------ EXERCISE DATA ------
(* In the dynamic stochastic block model with noise-free ULSE-n1 embeddings $\tilde{\mathbf{Y}}^{(t)}$ described in the context, for all $i,j\in[n]$ and $t,u\in[T]$: (i) if $\mathbf{P}^{(t)}_{i:}=\mathbf{P}^{(t)}_{j:}$ then $\tilde{\mathbf{Y}}^{(t)}_{i:}=\tilde{\mathbf{Y}}^{(t)}_{j:}$; (ii) if $\mathbf{P}^{(t)}_{i:}=\mathbf{P}^{(u)}_{i:}$ and $\tilde{\mathbf{D}}^{(t)}=\tilde{\mathbf{D}}^{(u)}$ then $\tilde{\mathbf{Y}}^{(t)}_{i:}=\tilde{\mathbf{Y}}^{(u)}_{i:}$.
   Context: Setting: $n$ nodes with labels $z_i\in[K]$, symmetric $\mathbf{B}^{(1)},\dots,\mathbf{B}^{(T)}\in[0,1]^{K\times K}$ with all entries positive, $\rho\in(0,1]$, and edge probability matrices $P^{(t)}_{ij}=\rho B^{(t)}_{z_iz_j}$; $\mathbf{P}^{(t)}_{i:}$ denotes the $i$-th row. Noise-free degrees $\tilde d^{(t)}_i=\sum_jP^{(t)}_{ij}$, $\tilde{\mathbf{D}}^{(t)}=\mathrm{diag}(\tilde d^{(t)}_1,\dots,\tilde d^{(t)}_n)$. Noise-free ULSE-n1 with $d=K-1$: $\tilde{\mathbf{L}}^{(t)}=\mathbf{I}_n-\tilde{\mathbf{D}}^{(t)-1/2}\mathbf{P}^{(t)}\tilde{\mathbf{D}}^{(t)-1/2}$, $\tilde{\mathbf{L}}=[\tilde{\mathbf{L}}^{(1)}\mid\cdots\mid\tilde{\mathbf{L}}^{(T)}]\in\mathbb{R}^{n\times nT}$ with singular values $\tilde\sigma_1\le\cdots\le\tilde\sigma_n$; $\tilde{\mathbf{\Sigma}}=\mathrm{diag}(\tilde\sigma_2,\dots,\tilde\sigma_K)$, assumed invertible; $\tilde{\mathbf{U}}\in\mathbb{R}^{n\times d}$, $\tilde{\mathbf{V}}\in\mathbb{R}^{nT\times d}$ with orthonormal columns satisfying $\tilde{\mathbf{L}}\tilde{\mathbf{V}}=\tilde{\mathbf{U}}\tilde{\mathbf{\Sigma}}$, $\tilde{\mathbf{L}}^\top\tilde{\mathbf{U}}=\tilde{\mathbf{V}}\tilde{\mathbf{\Sigma}}$; $\tilde{\mathbf{V}}^{(t)}$ the $t$-th block of $n$ rows of $\tilde{\mathbf{V}}$; and $\tilde{\mathbf{Y}}^{(t)}=\tilde{\mathbf{V}}^{(t)}\tilde{\mathbf{\Sigma}}^{1/2}-\tilde{\mathbf{U}}\tilde{\mathbf{\Sigma}}^{-1/2}$. *)

theory Defs
  imports Complex_Main
begin

text \<open>Conventions: matrices are functions nat \<Rightarrow> nat \<Rightarrow> real with explicit
  index bounds; all indices are 0-based.  Nodes are 0..n-1, communities 0..K-1,
  time points 0..T-1.  The column index c < n*T of the concatenated matrix
  [L1 | ... | LT] corresponds to block c div n and column c mod n.\<close>

definition dsbm_P :: "real \<Rightarrow> (nat \<Rightarrow> nat \<Rightarrow> nat \<Rightarrow> real) \<Rightarrow> (nat \<Rightarrow> nat)
    \<Rightarrow> nat \<Rightarrow> nat \<Rightarrow> nat \<Rightarrow> real" where
  "dsbm_P \<rho> B z t i j = \<rho> * B t (z i) (z j)"

definition deg :: "nat \<Rightarrow> (nat \<Rightarrow> nat \<Rightarrow> nat \<Rightarrow> real) \<Rightarrow> nat \<Rightarrow> nat \<Rightarrow> real" where
  "deg n P t i = (\<Sum>j<n. P t i j)"

definition lap :: "nat \<Rightarrow> (nat \<Rightarrow> nat \<Rightarrow> nat \<Rightarrow> real) \<Rightarrow> nat \<Rightarrow> nat \<Rightarrow> nat \<Rightarrow> real" where
  "lap n P t i j = (if i = j then 1 else 0)
      - P t i j / (sqrt (deg n P t i) * sqrt (deg n P t j))"

definition lapcat :: "nat \<Rightarrow> (nat \<Rightarrow> nat \<Rightarrow> nat \<Rightarrow> real) \<Rightarrow> nat \<Rightarrow> nat \<Rightarrow> real" where
  "lapcat n P i c = lap n P (c div n) i (c mod n)"

text \<open>sigma 0 \<le> ... \<le> sigma (m-1) are the singular values (in increasing order) of the
  m x p matrix A with m \<le> p: there is a (thin) singular value decomposition
  A = W diag(sigma) Q^T with W an orthogonal m x m matrix and Q a p x m matrix
  with orthonormal columns.\<close>
definition singular_values_asc ::
  "nat \<Rightarrow> nat \<Rightarrow> (nat \<Rightarrow> nat \<Rightarrow> real) \<Rightarrow> (nat \<Rightarrow> real) \<Rightarrow> bool" where
  "singular_values_asc m p A \<sigma> \<longleftrightarrow>
     (\<forall>a<m. 0 \<le> \<sigma> a) \<and> (\<forall>a b. a \<le> b \<and> b < m \<longrightarrow> \<sigma> a \<le> \<sigma> b) \<and>
     (\<exists>W Q. (\<forall>a<m. \<forall>b<m. (\<Sum>i<m. W i a * W i b) = (if a = b then 1 else 0)) \<and>
            (\<forall>a<m. \<forall>b<m. (\<Sum>c<p. Q c a * Q c b) = (if a = b then 1 else 0)) \<and>
            (\<forall>i<m. \<forall>c<p. A i c = (\<Sum>a<m. W i a * \<sigma> a * Q c a)))"

definition orthonormal_cols :: "nat \<Rightarrow> nat \<Rightarrow> (nat \<Rightarrow> nat \<Rightarrow> real) \<Rightarrow> bool" where
  "orthonormal_cols r d M \<longleftrightarrow>
     (\<forall>a<d. \<forall>b<d. (\<Sum>i<r. M i a * M i b) = (if a = b then 1 else 0))"

text \<open>Embedding Y^(t) = V^(t) Sigma^{1/2} - U Sigma^{-1/2}, where
  Sigma = diag(sigma_2,...,sigma_K) (1-based), i.e. entry a (0-based) is sigma (a+1)
  in our 0-based indexing of the singular values.\<close>
definition ulse_Y :: "nat \<Rightarrow> (nat \<Rightarrow> real) \<Rightarrow> (nat \<Rightarrow> nat \<Rightarrow> real) \<Rightarrow> (nat \<Rightarrow> nat \<Rightarrow> real)
    \<Rightarrow> nat \<Rightarrow> nat \<Rightarrow> nat \<Rightarrow> real" where
  "ulse_Y n \<sigma> U V t i a = V (t * n + i) a * sqrt (\<sigma> (a + 1)) - U i a / sqrt (\<sigma> (a + 1))"

end

theory Submission
  imports Defs
begin

text \<open>Every block L^(t) is symmetric, so the row of L^T U = V \<Sigma> belonging to
  column (t, i) of L reads V^(t)_i \<Sigma> = U_i - (A^(t) U)_i, where
  A^(t) = D^(t)^(-1/2) P^(t) D^(t)^(-1/2) is the normalised adjacency matrix.  Hence
  Y^(t)_i = (V^(t)_i \<Sigma> - U_i) \<Sigma>^(-1/2) = - (A^(t) U)_i \<Sigma>^(-1/2), which depends
  only on row i of P^(t) and on the degrees at time t.  Besides this relation only the
  symmetry of the B^(t) and the positivity of \<sigma>_2, ..., \<sigma>_K are used.\<close>

definition norm_adj :: "nat \<Rightarrow> (nat \<Rightarrow> nat \<Rightarrow> nat \<Rightarrow> real) \<Rightarrow> nat \<Rightarrow> nat \<Rightarrow> nat \<Rightarrow> real" where
  "norm_adj n P t i j = P t i j / (sqrt (deg n P t i) * sqrt (deg n P t j))"

lemma lap_eq_norm_adj: "lap n P t i j = (if i = j then 1 else 0) - norm_adj n P t i j"
  by (simp add: lap_def norm_adj_def)

lemma norm_adj_sym: "P t i j = P t j i \<Longrightarrow> norm_adj n P t i j = norm_adj n P t j i"
  by (simp add: norm_adj_def mult.commute)

lemma lapcat_block: "i < n \<Longrightarrow> lapcat n P k (t * n + i) = lap n P t k i"
  by (simp add: lapcat_def)

lemma block_index_less: "t < T \<Longrightarrow> i < n \<Longrightarrow> t * n + i < n * (T :: nat)"
proof -
  assume "t < T" "i < n"
  then have "t * n + i < (t + 1) * n" by simp
  also have "\<dots> \<le> T * n" using \<open>t < T\<close> by (intro mult_right_mono) auto
  finally show ?thesis by (simp add: mult.commute)
qed

lemma sum_lap_col:
  assumes "\<forall>k<n. P t k i = P t i k" "i < n"
  shows "(\<Sum>k<n. lap n P t k i * M k a) = M i a - (\<Sum>k<n. norm_adj n P t i k * M k a)"
proof -
  have "(\<Sum>k<n. lap n P t k i * M k a)
      = (\<Sum>k<n. (if k = i then M k a else 0) - norm_adj n P t i k * M k a)"
    using assms(1) by (intro sum.cong) (auto simp: lap_eq_norm_adj norm_adj_sym left_diff_distrib)
  also have "\<dots> = M i a - (\<Sum>k<n. norm_adj n P t i k * M k a)"
    using assms(2) by (simp add: sum_subtractf)
  finally show ?thesis .
qed

lemma mult_sqrt_diff_divide_sqrt:
  fixes s :: real
  assumes "0 < s"
  shows "v * sqrt s - u / sqrt s = (v * s - u) / sqrt s"
proof -
  have "v * sqrt s = v * s / sqrt s"
    using assms by (simp add: field_simps)
  then show ?thesis by (simp add: diff_divide_distrib)
qed

lemma ulse_Y_eq_norm_adj:
  assumes symP: "\<forall>k<n. P t k i = P t i k" and i: "i < n" and \<sigma>_pos: "0 < \<sigma> (a + 1)"
    and LtU: "(\<Sum>k<n. lapcat n P k (t * n + i) * U k a) = V (t * n + i) a * \<sigma> (a + 1)"
  shows "ulse_Y n \<sigma> U V t i a = - (\<Sum>k<n. norm_adj n P t i k * U k a) / sqrt (\<sigma> (a + 1))"
proof -
  have row: "V (t * n + i) a * \<sigma> (a + 1) = U i a - (\<Sum>k<n. norm_adj n P t i k * U k a)"
    using LtU by (simp add: lapcat_block[OF i] sum_lap_col[where P = P and t = t, OF symP i])
  have "ulse_Y n \<sigma> U V t i a = (V (t * n + i) a * \<sigma> (a + 1) - U i a) / sqrt (\<sigma> (a + 1))"
    unfolding ulse_Y_def by (rule mult_sqrt_diff_divide_sqrt[OF \<sigma>_pos])
  then show ?thesis
    by (simp only: row) simp
qed

lemma deg_eq_of_row_eq: "\<forall>k<n. P t i k = P u j k \<Longrightarrow> deg n P t i = deg n P u j"
  by (simp add: deg_def)

lemma sum_norm_adj_row_eq:
  assumes "\<forall>k<n. P t i k = P u j k" "\<forall>k<n. deg n P t k = deg n P u k"
  shows "(\<Sum>k<n. norm_adj n P t i k * M k a) = (\<Sum>k<n. norm_adj n P u j k * M k a)"
  using assms deg_eq_of_row_eq[where P = P and t = t and u = u, OF assms(1)]
  by (intro sum.cong) (auto simp: norm_adj_def)

theorem theorem3:
  fixes n K T :: nat and z :: "nat \<Rightarrow> nat" and B :: "nat \<Rightarrow> nat \<Rightarrow> nat \<Rightarrow> real"
    and \<rho> :: real and \<sigma> :: "nat \<Rightarrow> real" and U V :: "nat \<Rightarrow> nat \<Rightarrow> real"
  defines "P \<equiv> dsbm_P \<rho> B z"
  defines "d \<equiv> K - 1"
  assumes K_le_n: "K \<le> n"
    and labels: "\<forall>i<n. z i < K"
    and B_sym: "\<forall>t<T. \<forall>k<K. \<forall>l<K. B t k l = B t l k"
    and B_range: "\<forall>t<T. \<forall>k<K. \<forall>l<K. 0 < B t k l \<and> B t k l \<le> 1"
    and rho: "0 < \<rho>" "\<rho> \<le> 1"
    and sv: "singular_values_asc n (n * T) (lapcat n P) \<sigma>"
    and Sigma_inv: "\<forall>a<d. \<sigma> (a + 1) \<noteq> 0"
    and U_on: "orthonormal_cols n d U"
    and V_on: "orthonormal_cols (n * T) d V"
    and LV: "\<forall>i<n. \<forall>a<d. (\<Sum>c<n * T. lapcat n P i c * V c a) = U i a * \<sigma> (a + 1)"
    and LtU: "\<forall>c<n * T. \<forall>a<d. (\<Sum>i<n. lapcat n P i c * U i a) = V c a * \<sigma> (a + 1)"
  shows "(\<forall>t<T. \<forall>i<n. \<forall>j<n. (\<forall>k<n. P t i k = P t j k) \<longrightarrow>
            (\<forall>a<d. ulse_Y n \<sigma> U V t i a = ulse_Y n \<sigma> U V t j a))
       \<and> (\<forall>t<T. \<forall>u<T. \<forall>i<n. (\<forall>k<n. P t i k = P u i k) \<and> (\<forall>k<n. deg n P t k = deg n P u k) \<longrightarrow>
            (\<forall>a<d. ulse_Y n \<sigma> U V t i a = ulse_Y n \<sigma> U V u i a))"
proof -
  have \<sigma>_pos: "0 < \<sigma> (a + 1)" if "a < d" for a
  proof -
    have "a + 1 < n" using that K_le_n by (simp add: d_def)
    then have "0 \<le> \<sigma> (a + 1)" using sv by (simp add: singular_values_asc_def)
    then show ?thesis using Sigma_inv that by force
  qed
  have symP: "\<forall>k<n. P t k i = P t i k" if "t < T" "i < n" for t i
    using that labels B_sym by (auto simp: P_def dsbm_P_def)
  have Y: "ulse_Y n \<sigma> U V t i a = - (\<Sum>k<n. norm_adj n P t i k * U k a) / sqrt (\<sigma> (a + 1))"
    if "t < T" "i < n" "a < d" for t i a
    using symP[OF that(1,2)] that(2) \<sigma>_pos[OF that(3)] LtU block_index_less[OF that(1,2)] that(3)
    by (intro ulse_Y_eq_norm_adj) auto
  show ?thesis
  proof (intro conjI allI impI)
    fix t i j a
    assume t: "t < T" and i: "i < n" and j: "j < n" and rows: "\<forall>k<n. P t i k = P t j k"
      and a: "a < d"
    have "(\<Sum>k<n. norm_adj n P t i k * U k a) = (\<Sum>k<n. norm_adj n P t j k * U k a)"
      using rows by (intro sum_norm_adj_row_eq) auto
    then show "ulse_Y n \<sigma> U V t i a = ulse_Y n \<sigma> U V t j a"
      by (simp only: Y[OF t i a] Y[OF t j a])
  next
    fix t u i a
    assume t: "t < T" and u: "u < T" and i: "i < n" and a: "a < d"
      and rows: "(\<forall>k<n. P t i k = P u i k) \<and> (\<forall>k<n. deg n P t k = deg n P u k)"
    have "(\<Sum>k<n. norm_adj n P t i k * U k a) = (\<Sum>k<n. norm_adj n P u i k * U k a)"
      using rows by (intro sum_norm_adj_row_eq) auto
    then show "ulse_Y n \<sigma> U V t i a = ulse_Y n \<sigma> U V u i a"
      by (simp only: Y[OF t i a] Y[OF u i a])
  qed
qed

end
------
• DIRECTIONS FOR THIS TASK: All lines of the records above with the word "auto" in them are to be copied.

• COMPLETED TASK:
  also have "\<dots> \<le> T * n" using \<open>t < T\<close> by (intro mult_right_mono) auto
    using assms(1) by (intro sum.cong) (auto simp: lap_eq_norm_adj norm_adj_sym left_diff_distrib)
  by (intro sum.cong) (auto simp: norm_adj_def)
    using that labels B_sym by (auto simp: P_def dsbm_P_def)
    by (intro ulse_Y_eq_norm_adj) auto
      using rows by (intro sum_norm_adj_row_eq) auto
      using rows by (intro sum_norm_adj_row_eq) auto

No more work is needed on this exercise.